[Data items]

text \<open>Real Hilbert space: type class real_inner together with complete_space.
  Set-valued operators are modelled as functions 'a => 'a set.\<close>

definition monotone_op :: "('a::real_inner \<Rightarrow> 'a set) \<Rightarrow> bool" where
  "monotone_op B \<longleftrightarrow> (\<forall>x y u v. u \<in> B x \<longrightarrow> v \<in> B y \<longrightarrow> inner (u - v) (x - y) \<ge> 0)"

definition maximal_monotone :: "('a::real_inner \<Rightarrow> 'a set) \<Rightarrow> bool" where
  "maximal_monotone B \<longleftrightarrow> monotone_op B \<and>
     (\<forall>x u. (\<forall>y v. v \<in> B y \<longrightarrow> inner (u - v) (x - y) \<ge> 0) \<longrightarrow> u \<in> B x)"

definition cocoercive :: "real \<Rightarrow> ('a::real_inner \<Rightarrow> 'a) \<Rightarrow> bool" where
  "cocoercive \<beta> T \<longleftrightarrow> (\<forall>x y. inner (T x - T y) (x - y) \<ge> \<beta> * (norm (T x - T y))\<^sup>2)"

definition zer_sum :: "('a::real_vector \<Rightarrow> 'a) \<Rightarrow> ('a \<Rightarrow> 'a set) \<Rightarrow> 'a set" where
  "zer_sum A B = {x. 0 \<in> (\<lambda>b. A x + b) ` B x}"

text \<open>Resolvent J_{\<alpha>B} = (I + \<alpha>B)^{-1}, as a (single-valued) function.\<close>
definition resolvent :: "real \<Rightarrow> ('a::real_vector \<Rightarrow> 'a set) \<Rightarrow> 'a \<Rightarrow> 'a" where
  "resolvent \<alpha> B z = (THE y. z \<in> (\<lambda>b. y + \<alpha> *\<^sub>R b) ` B y)"

definition proj :: "'a::real_normed_vector set \<Rightarrow> 'a \<Rightarrow> 'a" where
  "proj C z = (THE p. p \<in> C \<and> (\<forall>y\<in>C. norm (z - p) \<le> norm (z - y)))"

end

theory Submission
  imports Defs
begin

(* A zero z of A + B lies in every cut T_k: with x_k - alpha_k A x_k = xbar_k + alpha_k b,
   b in B xbar_k, monotonicity of B and A2 bound the defining expression of T_k by
   <A1 x_k - A1 z, x_k - xbar_k> - <A1 x_k - A1 z, x_k - z>, and cocoercivity of A1 together
   with alpha_k <= 4 beta deltabar bounds this by deltabar / alpha_k |x_k - xbar_k|^2.
   It lies in every Gamma_k by induction: x_(k+1) is the projection of x_0 onto the closed
   convex set T_k inter Gamma_k, which contains z, and the variational inequality of the
   projection is exactly the defining inequality of Gamma_(k+1).
   Both Hilbert-space facts behind this -- projections onto closed convex sets exist, and
   resolvents of maximal monotone operators are everywhere defined (Minty) -- come from
   minimizing a strongly midpoint-convex, lower semicontinuous function over a complete space. *)

lemma nonneg_if_nonneg_perturbations:
  fixes a b :: real
  assumes "\<And>t. 0 < t \<Longrightarrow> t \<le> 1 \<Longrightarrow> 0 \<le> a + t * b"
  shows "0 \<le> a"
proof (rule tendsto_lowerbound)
  show "((\<lambda>t. a + t * b) \<longlongrightarrow> a) (at_right 0)"
    by (auto intro!: tendsto_eq_intros)
  show "\<forall>\<^sub>F t in at_right 0. 0 \<le> a + t * b"
    unfolding eventually_at_right_field using assms by (intro exI[of _ 1]) auto
qed simp

lemma norm_midpoint_squared:
  fixes p q :: "'a::real_inner"
  shows "(norm ((1/2) *\<^sub>R (p + q)))\<^sup>2 = (norm p)\<^sup>2 / 2 + (norm q)\<^sup>2 / 2 - (norm (p - q))\<^sup>2 / 4"
  by (simp add: power2_norm_eq_inner inner_add_left inner_add_right inner_diff_left
      inner_diff_right inner_commute field_simps)

section \<open>Nearest points in Hilbert space\<close>

lemma strongly_midconvex_attains_min:
  fixes K :: "'a::{real_normed_vector,complete_space} set" and f :: "'a \<Rightarrow> real"
  assumes "K \<noteq> {}" and "\<kappa> > 0"
    and midpoint: "\<And>p q. p \<in> K \<Longrightarrow> q \<in> K \<Longrightarrow> (1/2) *\<^sub>R (p + q) \<in> K \<and>
               f ((1/2) *\<^sub>R (p + q)) \<le> (f p + f q) / 2 - \<kappa> * (norm (p - q))\<^sup>2"
    and bounded_below: "\<And>p. p \<in> K \<Longrightarrow> b \<le> f p"
    and lsc: "\<And>s p L. (\<And>n. s n \<in> K) \<Longrightarrow> s \<longlonglongrightarrow> p \<Longrightarrow> (\<lambda>n. f (s n)) \<longlonglongrightarrow> L \<Longrightarrow>
               p \<in> K \<and> f p \<le> L"
  shows "\<exists>p\<in>K. \<forall>q\<in>K. f p \<le> f q"
proof -
  define m where "m = Inf (f ` K)"
  have bdd: "bdd_below (f ` K)"
    using bounded_below by (intro bdd_belowI2)
  have m_le: "m \<le> f q" if "q \<in> K" for q
    unfolding m_def using bdd that by (simp add: cInf_lower)
  have "\<exists>p\<in>K. f p < m + inverse (real (Suc n))" for n
  proof (rule ccontr)
    assume "\<not> ?thesis"
    then have "m + inverse (real (Suc n)) \<le> m"
      unfolding m_def using \<open>K \<noteq> {}\<close> by (intro cInf_greatest) force+
    then show False by simp
  qed
  then obtain s where s: "\<And>n. s n \<in> K" and s_small: "\<And>n. f (s n) < m + inverse (real (Suc n))"
    by metis
  have s_close: "\<kappa> * (norm (s n - s k))\<^sup>2 < inverse (real (Suc (min n k)))" for n k
  proof -
    have "m \<le> (f (s n) + f (s k)) / 2 - \<kappa> * (norm (s n - s k))\<^sup>2"
      using midpoint[OF s s] m_le by (meson order_trans)
    moreover have "inverse (real (Suc n)) \<le> inverse (real (Suc (min n k)))"
      and "inverse (real (Suc k)) \<le> inverse (real (Suc (min n k)))"
      by (simp_all add: field_simps)
    ultimately show ?thesis
      using s_small[of n] s_small[of k] by argo
  qed
  have "Cauchy s"
  proof (rule CauchyI)
    fix e :: real
    assume "0 < e"
    then obtain M where M: "inverse (real (Suc M)) < \<kappa> * e\<^sup>2"
      using reals_Archimedean[of "\<kappa> * e\<^sup>2"] \<open>\<kappa> > 0\<close> by auto
    have "norm (s n - s k) < e" if "M \<le> n" "M \<le> k" for n k
    proof -
      have "inverse (real (Suc (min n k))) \<le> inverse (real (Suc M))"
        using that by (simp add: field_simps)
      then have "\<kappa> * (norm (s n - s k))\<^sup>2 < \<kappa> * e\<^sup>2"
        using s_close[of n k] M by linarith
      then have "(norm (s n - s k))\<^sup>2 < e\<^sup>2"
        using \<open>\<kappa> > 0\<close> by simp
      then show ?thesis
        using \<open>0 < e\<close> by (simp add: power_less_imp_less_base)
    qed
    then show "\<exists>M. \<forall>n\<ge>M. \<forall>k\<ge>M. norm (s n - s k) < e"
      by blast
  qed
  then obtain p where "s \<longlonglongrightarrow> p"
    using Cauchy_convergent_iff convergent_def by blast
  moreover have "(\<lambda>n. f (s n)) \<longlonglongrightarrow> m"
  proof (rule tendsto_sandwich[of "\<lambda>n. m" _ _ "\<lambda>n. m + inverse (real (Suc n))"])
    show "\<forall>\<^sub>F n in sequentially. m \<le> f (s n)"
      using m_le s by simp
    show "\<forall>\<^sub>F n in sequentially. f (s n) \<le> m + inverse (real (Suc n))"
      using s_small by (simp add: less_imp_le)
    show "(\<lambda>n. m + inverse (real (Suc n))) \<longlonglongrightarrow> m"
      using tendsto_add[OF tendsto_const LIMSEQ_inverse_real_of_nat, of m] by simp
  qed simp
  ultimately have "p \<in> K" "f p \<le> m"
    using lsc[OF s] by auto
  then show ?thesis
    using m_le by force
qed

lemma nearest_point_exists:
  fixes C :: "'a::{real_inner,complete_space} set"
  assumes "convex C" and "closed C" and "C \<noteq> {}"
  shows "\<exists>p\<in>C. \<forall>y\<in>C. dist z p \<le> dist z y"
proof -
  have "\<exists>p\<in>C. \<forall>y\<in>C. (norm (z - p))\<^sup>2 \<le> (norm (z - y))\<^sup>2"
  proof (rule strongly_midconvex_attains_min[where f = "\<lambda>p. (norm (z - p))\<^sup>2" and \<kappa> = "1/4" and b = 0])
    fix p q
    assume "p \<in> C" "q \<in> C"
    then have "(1/2) *\<^sub>R (p + q) \<in> C"
      using convexD[OF \<open>convex C\<close>, of p q "1/2" "1/2"] by (simp add: scaleR_add_right)
    moreover have "(norm (z - (1/2) *\<^sub>R (p + q)))\<^sup>2
        = ((norm (z - p))\<^sup>2 + (norm (z - q))\<^sup>2) / 2 - 1/4 * (norm (p - q))\<^sup>2"
      by (simp add: power2_norm_eq_inner inner_add_left inner_add_right inner_diff_left
          inner_diff_right inner_commute field_simps)
    ultimately show "(1/2) *\<^sub>R (p + q) \<in> C \<and> (norm (z - (1/2) *\<^sub>R (p + q)))\<^sup>2
        \<le> ((norm (z - p))\<^sup>2 + (norm (z - q))\<^sup>2) / 2 - 1/4 * (norm (p - q))\<^sup>2"
      by simp
  next
    fix s p L
    assume s: "\<And>n. s n \<in> C" and "s \<longlonglongrightarrow> p" and L: "(\<lambda>n. (norm (z - s n))\<^sup>2) \<longlonglongrightarrow> L"
    have "p \<in> C"
      using \<open>closed C\<close> s \<open>s \<longlonglongrightarrow> p\<close> closed_sequentially by blast
    moreover have "(\<lambda>n. (norm (z - s n))\<^sup>2) \<longlonglongrightarrow> (norm (z - p))\<^sup>2"
      by (intro tendsto_intros \<open>s \<longlonglongrightarrow> p\<close>)
    then have "(norm (z - p))\<^sup>2 = L"
      using L LIMSEQ_unique by blast
    ultimately show "p \<in> C \<and> (norm (z - p))\<^sup>2 \<le> L"
      by simp
  qed (use assms in auto)
  then show ?thesis
    unfolding dist_norm by (meson norm_ge_zero power2_le_imp_le)
qed

lemma
  fixes C :: "'a::{real_inner,complete_space} set"
  assumes "convex C" and "closed C" and "C \<noteq> {}"
  shows proj_in: "proj C z \<in> C"
    and proj_nearest: "\<forall>y\<in>C. dist z (proj C z) \<le> dist z y"
proof -
  have "\<exists>!p. p \<in> C \<and> (\<forall>y\<in>C. dist z p \<le> dist z y)"
    using nearest_point_exists[OF assms] any_closest_point_unique[OF assms(1,2)] by blast
  then have "proj C z \<in> C \<and> (\<forall>y\<in>C. dist z (proj C z) \<le> dist z y)"
    unfolding proj_def dist_norm by (rule theI')
  then show "proj C z \<in> C" "\<forall>y\<in>C. dist z (proj C z) \<le> dist z y"
    by auto
qed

• **About this exercise**: Exactly as written, reproduce the lines of the data above from the first line through the line where "B \<longleftrightarrow> (\<forall>x" appears.

• **Response box**:
text \<open>Real Hilbert space: type class real_inner together with complete_space.
  Set-valued operators are modelled as functions 'a => 'a set.\<close>

definition monotone_op :: "('a::real_inner \<Rightarrow> 'a set) \<Rightarrow> bool" where
  "monotone_op B \<longleftrightarrow> (\<forall>x y u v. u \<in> B x \<longrightarrow> v \<in> B y \<longrightarrow> inner (u - v) (x - y) \<ge> 0)"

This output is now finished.